To perform left ventricular catheterization, mice were anesthetized with isofluorane (1.25–1.75%) and placed on a warmed table. A 1.8-Fr high-fidelity catheter-tipped micromanometer (Millar Instruments; Houston, TX) was inserted into the aorta via the right carotid artery and advanced into the left ventricle under continuous monitoring of the pressure waveform. Pressure signals were digitized at a sampling rate of 1,000 Hz and recorded with a Data Q system. The left ventricular pressure was recorded pre- and postinjection of propranolol (30 mg/kg ip). Noninvasive cardiac function was assessed by two-dimensional guided M-mode echocardiography of isofluorane-anesthetized 1- and 6-mo-old wild-type and α2A/α2C-ARKO mice.
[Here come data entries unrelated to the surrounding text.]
(* Let $X\subset A^+$ be a thin maximal bifix code and let $x\in A^{\mathbb N}$ be an $X$-stable infinite word. If $\mathrm{Card}(X\cap F(x))\le d_{F(x)}(X)$, then $x$ is ultimately periodic.
   Context: $A$ is a finite alphabet. A bifix code is a set of nonempty words none of which is a proper prefix or proper suffix of another; a maximal bifix code is one not properly contained in another bifix code of $A^*$; it is thin if some word of $A^*$ is not a factor of any of its words. For an infinite word $y$, $F(y)$ is its set of finite factors. A parse of $w$ with respect to $X$ is a triple $(v,z,u)$ with $w=vzu$, $v$ having no suffix in $X$, $z\in X^*$, $u$ having no prefix in $X$; $\delta_X(w)$ is their number, and $d_{F(y)}(X)=\max_{w\in F(y)}\delta_X(w)$. An infinite word $x$ is $X$-stable if $d_{F(y)}(X)=d_{F(x)}(X)$ for every suffix $y$ of $x$ (i.e. every $y$ with $x=uy$, $u\in A^*$). $x=a_0a_1\cdots$ is ultimately periodic if there is $n\ge1$ with $a_{i+n}=a_i$ for all sufficiently large $i$. *)

theory Defs
  imports Main "HOL-Library.Sublist" "HOL-Library.Extended_Nat"
begin

definition bifix_code :: "'a set \<Rightarrow> 'a list set \<Rightarrow> bool" where
  "bifix_code A X \<longleftrightarrow> X \<subseteq> lists A \<and> [] \<notin> X \<and>
     (\<forall>x\<in>X. \<forall>y\<in>X. \<not> strict_prefix x y \<and> \<not> strict_suffix x y)"

definition maximal_bifix_code :: "'a set \<Rightarrow> 'a list set \<Rightarrow> bool" where
  "maximal_bifix_code A X \<longleftrightarrow> bifix_code A X \<and>
     (\<forall>Y. bifix_code A Y \<and> X \<subseteq> Y \<longrightarrow> Y = X)"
Myocardial cytoarchitecture was examined using standardized electron microscopic methods. Hearts were fixed by immersion in glutaraldehyde. Sections from the left ventricular free wall from two wild-type and three α2A/α2C-ARKO mice were examined. The pathologist was blinded to the genotype throughout the sample preparation and analysis. Ten electron micorgraphs were taken from each heart and graded for evidence of abnormal myocyte structure: loss of myofibril integrity, mitochondrial swelling and loss of mitochondrial integrity, and vacuolization. Micrographs were scored on a scale of 0–4 with 0 being “normal” and 4 being the most abnormal.
To assess myocyte width, hearts were embedded in paraffin and sectioned for routine histological processing. Sections were stained with hematoxylin and eosin for examination with a light microscope. Myocyte width was measured from myocytes in the left ventricular free wall with a computer-assisted morphometric system (Leica Quantimet 500). For each myocyte containing a nucleus visible in the field, a single transverse measurement of width, passing through the nucleus, was obtained. Data were obtained from 7 wild-type and 10 α2A/α2C-ARKO mice. Ten cells were measured from each heart.
All values are expressed as means ± SE. For single measurement variables (direct blood pressure at 4 mo of age, resting heart rate, heart rate after isoproterenol administration, sympathetic tone and injure score), comparisons between wild-type and α2A/α2C-ARKO mice were performed using Student's t-test. For multiple measurement variables (Vo 2, distance run, cardiac contractility and relaxation, echocardiographic characteristics, direct blood pressure at 6 mo of age and tail-cuff measurements), comparisons were performed using two-way ANOVA with post hoc testing by Fisher's protected least-significant-difference test.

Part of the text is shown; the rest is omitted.